Once the data is cleaned and standardized, then the book will describe some simple statistical models. The analysis will stop there. You are urged to move to more advanced books that cover AI and machine learning.

There are 22 distinct projects, many of which build on previous results. It’s not required to do all of the projects in order. When skipping a project, however, it’s important to read the description and deliverables for the project being skipped. This can help to more fully understand the context for the later projects.

This chapter will cover our overall architectural approach to creating a complete sequence of data analysis programs. We’ll use the following multi-stage approach:

  • Data acquisition

  • Inspection of data

  • Cleaning data; this includes validating, converting, standardizing, and saving intermediate results

  • Summarizing, and modeling data

  • Creating more sophisticated statistical models

The stages fit together as shown in Figure 2.1.

Figure 2.1: Data Analysis Pipeline
Figure 2.1: Data Analysis Pipeline

A central idea behind this is separation of concerns.

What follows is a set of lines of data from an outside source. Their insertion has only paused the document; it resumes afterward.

text \<open>e_{ijkl} evaluated on (a,b,c,d): the 4x4 determinant (Laplace expansion).\<close>
definition e4 :: "7 \<Rightarrow> 7 \<Rightarrow> 7 \<Rightarrow> 7 \<Rightarrow> real^7 \<Rightarrow> real^7 \<Rightarrow> real^7 \<Rightarrow> real^7 \<Rightarrow> real" where
  "e4 i j k l a b c d =
     a$i * e3 j k l b c d - a$j * e3 i k l b c d
   + a$k * e3 i j l b c d - a$l * e3 i j k b c d"

definition phi :: "real^7 \<Rightarrow> real^7 \<Rightarrow> real^7 \<Rightarrow> real" where
  "phi u v w = e3 1 2 3 u v w - e3 1 6 7 u v w - e3 5 2 7 u v w - e3 5 6 3 u v w
             - e3 4 1 5 u v w - e3 4 2 6 u v w - e3 4 3 7 u v w"

definition psi :: "real^7 \<Rightarrow> real^7 \<Rightarrow> real^7 \<Rightarrow> real^7 \<Rightarrow> real" where
  "psi a b c d = e4 4 5 6 7 a b c d - e4 4 5 2 3 a b c d - e4 4 1 6 3 a b c d
             - e4 4 1 2 7 a b c d - e4 2 6 3 7 a b c d - e4 1 5 3 7 a b c d
             - e4 1 5 2 6 a b c d"

definition cross7 :: "real^7 \<Rightarrow> real^7 \<Rightarrow> real^7" where
  "cross7 u v = (\<chi> i. phi u v (e_i i))"

definition associative :: "(real^7) set \<Rightarrow> bool" where
  "associative P \<longleftrightarrow> subspace P \<and> dim P = 3 \<and> (\<forall>u\<in>P. \<forall>v\<in>P. cross7 u v \<in> P)"

text \<open>2-forms as bilinear maps; identified with skew-adjoint operators (matrices)
  via X(a,b) = <X a, b>, i.e. the matrix entry (i,j) is X(e_j,e_i).\<close>
definition op_of :: "(real^7 \<Rightarrow> real^7 \<Rightarrow> real) \<Rightarrow> real^7^7" where
  "op_of B = (\<chi> i j. B (e_i j) (e_i i))"

definition form_of :: "real^7^7 \<Rightarrow> real^7 \<Rightarrow> real^7 \<Rightarrow> real" where
  "form_of X a b = (X *v a) \<bullet> b"

definition wedge2 :: "real^7 \<Rightarrow> real^7 \<Rightarrow> real^7 \<Rightarrow> real^7 \<Rightarrow> real" where
  "wedge2 u v a b = (u \<bullet> a) * (v \<bullet> b) - (u \<bullet> b) * (v \<bullet> a)"

definition Psi2 :: "real^7 \<Rightarrow> real^7 \<Rightarrow> real^7 \<Rightarrow> real^7 \<Rightarrow> real" where
  "Psi2 u v a b = psi u v a b"

definition Lambda2 :: "(real^7) set \<Rightarrow> (real^7^7) set" where
  "Lambda2 P = span {op_of (wedge2 u v) | u v. u \<in> P \<and> v \<in> P}"

definition PsiSpan :: "(real^7) set \<Rightarrow> (real^7^7) set" where
  "PsiSpan P = span {op_of (Psi2 u v) | u v. u \<in> P \<and> v \<in> P}"

definition Theta :: "(real^7) set \<Rightarrow> (real^7^7) set" where
  "Theta P = {X + Y | X Y. X \<in> Lambda2 P \<and> Y \<in> PsiSpan P}"

definition form_inner :: "real^7^7 \<Rightarrow> real^7^7 \<Rightarrow> real" where
  "form_inner X Y = (\<Sum>i\<in>UNIV. \<Sum>j\<in>UNIV. form_of X (e_i i) (e_i j) * form_of Y (e_i i) (e_i j))"

definition lie_bracket :: "'a::comm_ring_1^'n^'n \<Rightarrow> 'a^'n^'n \<Rightarrow> 'a^'n^'n" where
  "lie_bracket X Y = X ** Y - Y ** X"

definition so :: "(real^'n^'n) set" where
  "so = {M. transpose M = - M}"

end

Each stage is a distinct operation, and each stage may evolve independently of the others. For example, there may be multiple sources of data, leading to several distinct data acquisition implementations, each of which creates a common internal representation to permit a single, uniform inspection tool.

Similarly, data cleansing problems seem to arise almost randomly in organizations, leading to a need to add distinct validation and standardization operations. The idea is to allocate responsibility for semantic special cases and exceptions in this stage of the pipeline.

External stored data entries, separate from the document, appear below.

lemma R_assoc_circ_rhs:
  assumes objs: "a \<in> Obj C" "b \<in> Obj C" "c \<in> Obj C" "d \<in> Obj C" "x \<in> Obj C" "y \<in> Obj C"
  shows "cmps C [(I (T' a) \<odot> (\<mu> c \<odot> \<mu> x)) \<bullet> (I (T' b) \<odot> (\<mu> d \<odot> \<mu> y)),
                (I (T' a) \<odot> T2c (T' c) (T' x)) \<bullet> (I (T' b) \<odot> T2c (T' d) (T' y)),
                R a b (oc (T' c) (T' x)) (oc (T' d) (T' y)),
                I (ob a b) \<odot> R c d x y,
                asc Mc (ob a b) (ob c d) (ob x y)]
       = cmps C [\<xi> (F a) (F b) (lc (F c) (F x)) (lc (F d) (F y)),
                I (ob (T' a) (T' b)) \<odot> \<xi> (F c) (F d) (F x) (F y),
                asc Mc (ob (T' a) (T' b)) (ob (T' c) (T' d)) (ob (T' x) (T' y))]
           \<cdot> eta4 a b c d \<odot> (\<eta> x \<bullet> \<eta> y)"
    (is "cmps C [?Y1, ?Y2, ?R'', ?W, ?K] = cmps C [?\<xi>'', ?\<xi>c, ?K'] \<cdot> ?Z")
proof -
  let ?sCX = "\<mu> c \<odot> \<mu> x \<cdot> T2c (T' c) (T' x)" and ?sDY = "\<mu> d \<odot> \<mu> y \<cdot> T2c (T' d) (T' y)"
  let ?I3 = "I (ob (oc (T' c) (T' x)) (oc (T' d) (T' y)))"
  let ?N = "(\<eta> a \<bullet> \<eta> b) \<odot> eta4 c d x y"
  have "?Y1 \<cdot> ?Y2 = ((I (T' a) \<cdot> I (T' a)) \<odot> ?sCX) \<bullet> ((I (T' b) \<cdot> I (T' b)) \<odot> ?sDY)"
    by (rule interchange_comp; blast intro: typing objs)
  then have Y: "?Y1 \<cdot> ?Y2 = (I (T' a) \<odot> ?sCX) \<bullet> (I (T' b) \<odot> ?sDY)"
    using objs by (simp add: circ.comp_id_left[OF circ.id_hom] circ.T_obj)
  have YR: "(I (T' a) \<odot> ?sCX) \<bullet> (I (T' b) \<odot> ?sDY) \<cdot> ?R'' = ?\<xi>'' \<cdot> (\<eta> a \<bullet> \<eta> b) \<odot> ?I3"
    using alg_homs_after_R[OF _ _ _ _ circ.alg_hom_free_id circ.alg_hom_free_id
        circ.alg_hom_free_lift_structure circ.alg_hom_free_lift_structure] objs
    by (simp add: circ.free_lift_structure_unit circ.comp_id_left[OF circ.eta_hom] bullet.tensor_id
        circ.tensor_obj circ.T_obj)
  have RW: "(\<eta> a \<bullet> \<eta> b) \<odot> ?I3 \<cdot> ?W = ?\<xi>c \<cdot> ?N"
  proof -
    have "(\<eta> a \<bullet> \<eta> b) \<odot> ?I3 \<cdot> ?W = (\<eta> a \<bullet> \<eta> b) \<odot> R c d x y"
      by (subst circ.tensor_comp[symmetric], (blast intro: typing objs)+,
          subst circ.comp_id_left, (blast intro: typing objs)+, subst circ.comp_id_right; blast intro: typing objs)
    also have "\<dots> = ?\<xi>c \<cdot> ?N"
      by (subst circ.tensor_comp[symmetric], (blast intro: typing objs)+, subst circ.comp_id_left;
          blast intro: typing objs)
    finally show ?thesis .
  qed
  have KZ: "?N \<cdot> ?K = ?K' \<cdot> ?Z"
    by (rule circ.asc_natural[symmetric]; blast intro: typing objs)
  have "?Y1 \<cdot> ?Y2 \<cdot> ?R'' \<cdot> ?W \<cdot> ?K = ((?Y1 \<cdot> ?Y2) \<cdot> ?R'') \<cdot> ?W \<cdot> ?K"
    by (subst circ.cat_assoc, (blast intro: typing objs)+, rule circ.cat_assoc; blast intro: typing objs)
  also have "\<dots> = ?\<xi>'' \<cdot> ((\<eta> a \<bullet> \<eta> b) \<odot> ?I3 \<cdot> ?W) \<cdot> ?K"
    unfolding Y YR
    by (subst circ.cat_assoc[symmetric], (blast intro: typing objs)+, subst circ.cat_assoc;
        blast intro: typing objs)
  also have "\<dots> = ?\<xi>'' \<cdot> ?\<xi>c \<cdot> ?K' \<cdot> ?Z"
    unfolding RW KZ[symmetric] by (subst circ.cat_assoc; blast intro: typing objs)
  also have "\<dots> = (?\<xi>'' \<cdot> ?\<xi>c \<cdot> ?K') \<cdot> ?Z"
    by (subst (2) circ.cat_assoc, (blast intro: typing objs)+, rule circ.cat_assoc;
        blast intro: typing objs)
  finally show ?thesis
    by simp
qed

lemmas xi_assoc_circ =
  duoidal_conditions[THEN conjunct2, THEN conjunct2, THEN conjunct2, THEN conjunct1, rule_format,
    unfolded Let_def]

lemma R_assoc_circ:
  assumes objs: "a \<in> Obj C" "b \<in> Obj C" "c \<in> Obj C" "d \<in> Obj C" "x \<in> Obj C" "y \<in> Obj C"
  shows "cmps C [asc Mc (T' a) (T' c) (T' x) \<bullet> asc Mc (T' b) (T' d) (T' y),
                ((\<mu> a \<odot> \<mu> c) \<odot> I (T' x)) \<bullet> ((\<mu> b \<odot> \<mu> d) \<odot> I (T' y)),
                (T2c (T' a) (T' c) \<odot> I (T' x)) \<bullet> (T2c (T' b) (T' d) \<odot> I (T' y)),
                R (oc (T' a) (T' c)) (oc (T' b) (T' d)) x y,
                R a b c d \<odot> I (ob x y)]
       = cmps C [(I (T' a) \<odot> (\<mu> c \<odot> \<mu> x)) \<bullet> (I (T' b) \<odot> (\<mu> d \<odot> \<mu> y)),
                (I (T' a) \<odot> T2c (T' c) (T' x)) \<bullet> (I (T' b) \<odot> T2c (T' d) (T' y)),
                R a b (oc (T' c) (T' x)) (oc (T' d) (T' y)),
                I (ob a b) \<odot> R c d x y,
                asc Mc (ob a b) (ob c d) (ob x y)]"
  using R_assoc_circ_lhs[OF objs] R_assoc_circ_rhs[OF objs]
    xi_assoc_circ[OF circ.alg_free_alg circ.alg_free_alg circ.alg_free_alg circ.alg_free_alg
      circ.alg_free_alg circ.alg_free_alg, OF objs(1,2,3,4,5,6)]
  by simp

lemma R_assoc_bullet_lhs:
  assumes objs: "x \<in> Obj C" "a \<in> Obj C" "c \<in> Obj C" "y \<in> Obj C" "b \<in> Obj C" "d \<in> Obj C"
  shows "cmps C [asc Mb (oc (T' x) (T' y)) (oc (T' a) (T' b)) (oc (T' c) (T' d)),
                ((\<mu> x \<odot> \<mu> y) \<bullet> (\<mu> a \<odot> \<mu> b)) \<bullet> I (oc (T' c) (T' d)),
                R (T' x) (T' a) (T' y) (T' b) \<bullet> I (oc (T' c) (T' d)),
                (T2b x a \<odot> T2b y b) \<bullet> I (oc (T' c) (T' d)),
                R (ob x a) c (ob y b) d]
       = cmps C [asc Mb (oc (T' x) (T' y)) (oc (T' a) (T' b)) (oc (T' c) (T' d)),
                \<xi> (F x) (F a) (F y) (F b) \<bullet> I (oc (T' c) (T' d)),
                \<xi> (lb (F x) (F a)) (F c) (lb (F y) (F b)) (F d)]
           \<cdot> ((\<eta> x \<bullet> \<eta> a) \<bullet> \<eta> c) \<odot> ((\<eta> y \<bullet> \<eta> b) \<bullet> \<eta> d)"
    (is "cmps C [?K, ?X1, ?X2, ?X3, ?R'] = cmps C [_, ?\<xi>1, ?\<xi>2] \<cdot> ?Z")
proof -
  have X: "?X1 \<cdot> ?X2 = ?\<xi>1"
    by (subst bullet.tensor_comp[symmetric], (blast intro: typing objs)+)
      (simp add: R_mu circ.comp_id_left[OF circ.id_hom] objs circ.tensor_obj circ.T_obj)
  have XR: "?X3 \<cdot> ?R' = ?\<xi>2 \<cdot> ?Z"
    using alg_homs_after_R[OF _ _ _ _ bullet.alg_hom_T2 circ.alg_hom_free_id bullet.alg_hom_T2
        circ.alg_hom_free_id] objs
    by (simp add: circ.tensor_id bullet.T2_eta circ.comp_id_left[OF circ.eta_hom] circ.T_obj
        bullet.tensor_obj)
  have "?K \<cdot> ?X1 \<cdot> ?X2 \<cdot> ?X3 \<cdot> ?R' = ?K \<cdot> (?X1 \<cdot> ?X2) \<cdot> ?X3 \<cdot> ?R'"
    by (subst (2) circ.cat_assoc; blast intro: typing objs)
  also have "\<dots> = (?K \<cdot> ?\<xi>1 \<cdot> ?\<xi>2) \<cdot> ?Z"
    unfolding X XR
    by (subst (2) circ.cat_assoc, (blast intro: typing objs)+, rule circ.cat_assoc;
        blast intro: typing objs)
  finally show ?thesis
    by simp
qed

lemma R_assoc_bullet_rhs:
  assumes objs: "x \<in> Obj C" "a \<in> Obj C" "c \<in> Obj C" "y \<in> Obj C" "b \<in> Obj C" "d \<in> Obj C"
  shows "cmps C [I (oc (T' x) (T' y)) \<bullet> ((\<mu> a \<odot> \<mu> b) \<bullet> (\<mu> c \<odot> \<mu> d)),
                I (oc (T' x) (T' y)) \<bullet> R (T' a) (T' c) (T' b) (T' d),
                I (oc (T' x) (T' y)) \<bullet> (T2b a c \<odot> T2b b d),
                R x (ob a c) y (ob b d),
                asc Mb x a c \<odot> asc Mb y b d]
       = cmps C [I (oc (T' x) (T' y)) \<bullet> \<xi> (F a) (F c) (F b) (F d),
                \<xi> (F x) (lb (F a) (F c)) (F y) (lb (F b) (F d)),
                asc Mb (T' x) (T' a) (T' c) \<odot> asc Mb (T' y) (T' b) (T' d)]
           \<cdot> ((\<eta> x \<bullet> \<eta> a) \<bullet> \<eta> c) \<odot> ((\<eta> y \<bullet> \<eta> b) \<bullet> \<eta> d)"
    (is "cmps C [?Y1, ?Y2, ?Y3, ?R'', ?W] = cmps C [?\<xi>a, ?\<xi>3, ?K] \<cdot> ?Z")
proof -
  let ?V = "(\<eta> x \<bullet> (\<eta> a \<bullet> \<eta> c)) \<odot> (\<eta> y \<bullet> (\<eta> b \<bullet> \<eta> d))"
  have Y: "?Y1 \<cdot> ?Y2 = ?\<xi>a"
    by (subst bullet.tensor_comp[symmetric], (blast intro: typing objs)+)
      (simp add: R_mu circ.comp_id_left[OF circ.id_hom] objs circ.tensor_obj circ.T_obj)
  have YR: "?Y3 \<cdot> ?R'' = ?\<xi>3 \<cdot> ?V"
    using alg_homs_after_R[OF _ _ _ _ circ.alg_hom_free_id bullet.alg_hom_T2 circ.alg_hom_free_id
        bullet.alg_hom_T2] objs
    by (simp add: circ.tensor_id bullet.T2_eta circ.comp_id_left[OF circ.eta_hom] circ.T_obj
        bullet.tensor_obj)
  have VW: "?V \<cdot> ?W = ?K \<cdot> ?Z"
    by (subst (1 2) circ.tensor_comp[symmetric], (blast intro: typing objs)+,
        subst (1 2) bullet.asc_natural; blast intro: typing objs)
  have "?Y1 \<cdot> ?Y2 \<cdot> ?Y3 \<cdot> ?R'' \<cdot> ?W = (?Y1 \<cdot> ?Y2) \<cdot> (?Y3 \<cdot> ?R'') \<cdot> ?W"
    by (subst (2) circ.cat_assoc, (blast intro: typing objs)+, rule circ.cat_assoc;
        blast intro: typing objs)
  also have "\<dots> = ?\<xi>a \<cdot> ?\<xi>3 \<cdot> ?K \<cdot> ?Z"
    unfolding Y YR VW[symmetric] by (subst circ.cat_assoc; blast intro: typing objs)
  also have "\<dots> = (?\<xi>a \<cdot> ?\<xi>3 \<cdot> ?K) \<cdot> ?Z"
    by (subst (2) circ.cat_assoc, (blast intro: typing objs)+, rule circ.cat_assoc;
        blast intro: typing objs)
  finally show ?thesis
    by simp
qed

One of the architectural ideas is to mix automated applications and a few manual JupyterLab notebooks into an integrated whole. The notebooks are essential for troubleshooting questions or problems. For elegant reports and presentations, notebooks are also very useful. While Python applications can produce tidy PDF files with polished reporting, it seems a bit easier to publish a notebook with analysis and findings.

We’ll start with the acquisition stage of processing.

2.1 General data acquisition

All data analysis processing starts with the essential step of acquiring the data from a source.

The above statement seems almost silly, but failures in this effort often lead to complicated rework later. It’s essential to recognize that data exists in these two essential forms:

  • Python objects, usable in analytic programs. While the obvious candidates are numbers and strings, this includes using packages like Pillow to operate on images as Python objects. A package like librosa can create objects representing audio data.

  • A serialization of a Python object. There are many choices here:

    • Text. Some kind of string. There are numerous syntax variants, including CSV, JSON, TOML, YAML, HTML, XML, etc.

    • Pickled Python Objects. These are created by the pickle module.

    • Binary Formats. Tools like Protobuf can serialize native Python objects into a stream of bytes. Some YAML extensions, similarly, can serialize an object in a binary format that isn’t text. Images and audio samples are often stored in compressed binary formats.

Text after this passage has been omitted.